What to do → Extract all lines that hold "successively" from the records below.

"""

(* Let $((f_t),(g_t),(h_t))$ be a $W_{1,+}$-geodesic on $G$, let $x\in G$, $\gamma\in\mathrm{SE}\Gamma_{1,x}$ and $\tilde\gamma\in\mathrm{SE}\Gamma_{2,x}$. Then for all $t\in[0,1]$, $$f_t(x)=\frac{C_\gamma(t)\,C_{\tilde\gamma}(t)}{C_{\gamma\cup\tilde\gamma}},$$ where $\gamma\cup\tilde\gamma$ is the concatenation of $\gamma$ and $\tilde\gamma$ (an extremal path, for which $C_{\gamma\cup\tilde\gamma}(t)$ is constant).
   Context: $G$ is a connected, locally finite graph with graph distance $d$; geodesics are paths of adjacent vertices $\gamma(0),\dots,\gamma(n)$ with $n=d(\gamma(0),\gamma(n))$, $L(\gamma)=n$, $e_0(\gamma)=\gamma(0)$, $e_1(\gamma)=\gamma(n)$. For finitely supported probability distributions $f_0,f_1$: $\Pi_1(f_0,f_1)$ = couplings minimizing $\sum d(x,y)\pi(x,y)$ (minimum $W_1$), $\mathcal{C}(f_0,f_1)=\{(x,y):\pi(x,y)>0$ for some $\pi\in\Pi_1\}$; $W_1$-orientation: adjacent $x,y$ get $x\to y$ iff some geodesic $\gamma$ with $(e_0(\gamma),e_1(\gamma))\in\mathcal{C}(f_0,f_1)$ has $\gamma(k)=x,\gamma(k+1)=y$. Oriented paths: $\gamma(i)\to\gamma(i+1)$; $\gamma_i=\gamma(i)$. $E(G)=\{(xy):x\to y\}$, $T(G)$ triples $x_0\to x_1\to x_2$, $\mathcal{F}(x)=\{y:x\to y\}$, $\mathcal{E}(x)=\{y:y\to x\}$; $\nabla g(x_1)=\sum_{\mathcal{F}(x_1)}g(x_1x_2)-\sum_{\mathcal{E}(x_1)}g(x_0x_1)$, $\nabla h(x_1x_2)=\sum_{x_3\in\mathcal{F}(x_2)}h(x_1x_2x_3)-\sum_{x_0\in\mathcal{E}(x_1)}h(x_0x_1x_2)$. $W_{1,+}$-geodesic: a family $(f_t)_{t\in[0,1]}$ from $f_0$ to $f_1$ with $W_1(f_s,f_t)=|t-s|W_1(f_0,f_1)$ (graph $W_1$-oriented w.r.t. $(f_0,f_1)$), differentiable in $t$, with $g_t$ on $E(G)$, $h_t$ on $T(G)$, $\partial_tf_t=-\nabla g_t$, $\partial_tg_t=-\nabla h_t$, $g_t>0$, $f_t(x_1)h_t(x_0x_1x_2)=g_t(x_0x_1)g_t(x_1x_2)$. $C_\gamma(t)=f_t(\gamma_0)$ if $L(\gamma)=0$, $g_t(\gamma_0\gamma_1)$ if $L(\gamma)=1$, $\prod_{i=0}^{n-1}g_t(\gamma_i\gamma_{i+1})/\prod_{j=1}^{n-1}f_t(\gamma_j)$ if $n\ge2$. $\mathcal{A}=\{x:\mathcal{E}(x)=\emptyset\}$, $\mathcal{B}=\{x:\mathcal{F}(x)=\emptyset\}$; extremal oriented paths start in $\mathcal{A}$ and end in $\mathcal{B}$; $\mathrm{SE}\Gamma_{1,x}$: oriented paths from a vertex of $\mathcal{A}$ to $x$; $\mathrm{SE}\Gamma_{2,x}$: oriented paths from $x$ to a vertex of $\mathcal{B}$. *)

theory Defs
  imports "HOL-Analysis.Analysis"
begin

definition is_walk :: "('a \<Rightarrow> 'a \<Rightarrow> bool) \<Rightarrow> 'a list \<Rightarrow> bool" where
  "is_walk adj xs \<longleftrightarrow> xs \<noteq> [] \<and> successively adj xs"

definition conn_locfin_graph :: "('a \<Rightarrow> 'a \<Rightarrow> bool) \<Rightarrow> bool" where
  "conn_locfin_graph adj \<longleftrightarrow>
     (\<forall>x y. adj x y \<longrightarrow> adj y x) \<and> (\<forall>x. \<not> adj x x) \<and>
     (\<forall>x. finite {y. adj x y}) \<and>
     (\<forall>x y. \<exists>xs. is_walk adj xs \<and> hd xs = x \<and> last xs = y)"

definition gdist :: "('a \<Rightarrow> 'a \<Rightarrow> bool) \<Rightarrow> 'a \<Rightarrow> 'a \<Rightarrow> nat" where
  "gdist adj x y = (LEAST n. \<exists>xs. is_walk adj xs \<and> hd xs = x \<and> last xs = y \<and> length xs = Suc n)"

definition is_geodesic :: "('a \<Rightarrow> 'a \<Rightarrow> bool) \<Rightarrow> 'a list \<Rightarrow> bool" where
  "is_geodesic adj \<gamma> \<longleftrightarrow> is_walk adj \<gamma> \<and> length \<gamma> = Suc (gdist adj (hd \<gamma>) (last \<gamma>))"

definition fin_prob :: "('a \<Rightarrow> real) \<Rightarrow> bool" where
  "fin_prob f \<longleftrightarrow> (\<forall>x. 0 \<le> f x) \<and> finite {x. f x \<noteq> 0} \<and> (\<Sum>x\<in>{x. f x \<noteq> 0}. f x) = 1"

definition coupling :: "('a \<Rightarrow> real) \<Rightarrow> ('a \<Rightarrow> real) \<Rightarrow> ('a \<Rightarrow> 'a \<Rightarrow> real) \<Rightarrow> bool" where
  "coupling f0 f1 \<pi> \<longleftrightarrow> (\<forall>x y. 0 \<le> \<pi> x y) \<and> finite {(x, y). \<pi> x y \<noteq> 0} \<and>
     (\<forall>x. (\<Sum>y\<in>{y. \<pi> x y \<noteq> 0}. \<pi> x y) = f0 x) \<and>
     (\<forall>y. (\<Sum>x\<in>{x. \<pi> x y \<noteq> 0}. \<pi> x y) = f1 y)"

definition transport_cost :: "('a \<Rightarrow> 'a \<Rightarrow> bool) \<Rightarrow> ('a \<Rightarrow> 'a \<Rightarrow> real) \<Rightarrow> real" where
  "transport_cost adj \<pi> = (\<Sum>(x, y)\<in>{(x, y). \<pi> x y \<noteq> 0}. real (gdist adj x y) * \<pi> x y)"

definition W1 :: "('a \<Rightarrow> 'a \<Rightarrow> bool) \<Rightarrow> ('a \<Rightarrow> real) \<Rightarrow> ('a \<Rightarrow> real) \<Rightarrow> real" where
  "W1 adj f0 f1 = Inf {transport_cost adj \<pi> | \<pi>. coupling f0 f1 \<pi>}"

definition opt_couplings :: "('a \<Rightarrow> 'a \<Rightarrow> bool) \<Rightarrow> ('a \<Rightarrow> real) \<Rightarrow> ('a \<Rightarrow> real) \<Rightarrow> ('a \<Rightarrow> 'a \<Rightarrow> real) set" where
  "opt_couplings adj f0 f1 = {\<pi>. coupling f0 f1 \<pi> \<and> transport_cost adj \<pi> = W1 adj f0 f1}"

definition opt_supp :: "('a \<Rightarrow> 'a \<Rightarrow> bool) \<Rightarrow> ('a \<Rightarrow> real) \<Rightarrow> ('a \<Rightarrow> real) \<Rightarrow> ('a \<times> 'a) set" where
  "opt_supp adj f0 f1 = {(x, y). \<exists>\<pi>\<in>opt_couplings adj f0 f1. \<pi> x y > 0}"

definition arr :: "('a \<Rightarrow> 'a \<Rightarrow> bool) \<Rightarrow> ('a \<Rightarrow> real) \<Rightarrow> ('a \<Rightarrow> real) \<Rightarrow> 'a \<Rightarrow> 'a \<Rightarrow> bool" where
  "arr adj f0 f1 x y \<longleftrightarrow> adj x y \<and>
     (\<exists>\<gamma> k. is_geodesic adj \<gamma> \<and> (hd \<gamma>, last \<gamma>) \<in> opt_supp adj f0 f1 \<and>
            Suc k < length \<gamma> \<and> \<gamma> ! k = x \<and> \<gamma> ! Suc k = y)"

definition Fwd :: "('a \<Rightarrow> 'a \<Rightarrow> bool) \<Rightarrow> 'a \<Rightarrow> 'a set" where
  "Fwd R x = {y. R x y}"

definition Bwd :: "('a \<Rightarrow> 'a \<Rightarrow> bool) \<Rightarrow> 'a \<Rightarrow> 'a set" where
  "Bwd R x = {y. R y x}"

definition grad_v :: "('a \<Rightarrow> 'a \<Rightarrow> bool) \<Rightarrow> ('a \<Rightarrow> 'a \<Rightarrow> real) \<Rightarrow> 'a \<Rightarrow> real" where
  "grad_v R g x1 = (\<Sum>x2\<in>Fwd R x1. g x1 x2) - (\<Sum>x0\<in>Bwd R x1. g x0 x1)"

definition grad_e :: "('a \<Rightarrow> 'a \<Rightarrow> bool) \<Rightarrow> ('a \<Rightarrow> 'a \<Rightarrow> 'a \<Rightarrow> real) \<Rightarrow> 'a \<Rightarrow> 'a \<Rightarrow> real" where
  "grad_e R h x1 x2 = (\<Sum>x3\<in>Fwd R x2. h x1 x2 x3) - (\<Sum>x0\<in>Bwd R x1. h x0 x1 x2)"

definition oriented_path :: "('a \<Rightarrow> 'a \<Rightarrow> bool) \<Rightarrow> 'a list \<Rightarrow> bool" where
  "oriented_path R \<gamma> \<longleftrightarrow> \<gamma> \<noteq> [] \<and> successively R \<gamma>"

"""

Response to this exercise →
  "is_walk adj xs \<longleftrightarrow> xs \<noteq> [] \<and> successively adj xs"
  "oriented_path R \<gamma> \<longleftrightarrow> \<gamma> \<noteq> [] \<and> successively R \<gamma>"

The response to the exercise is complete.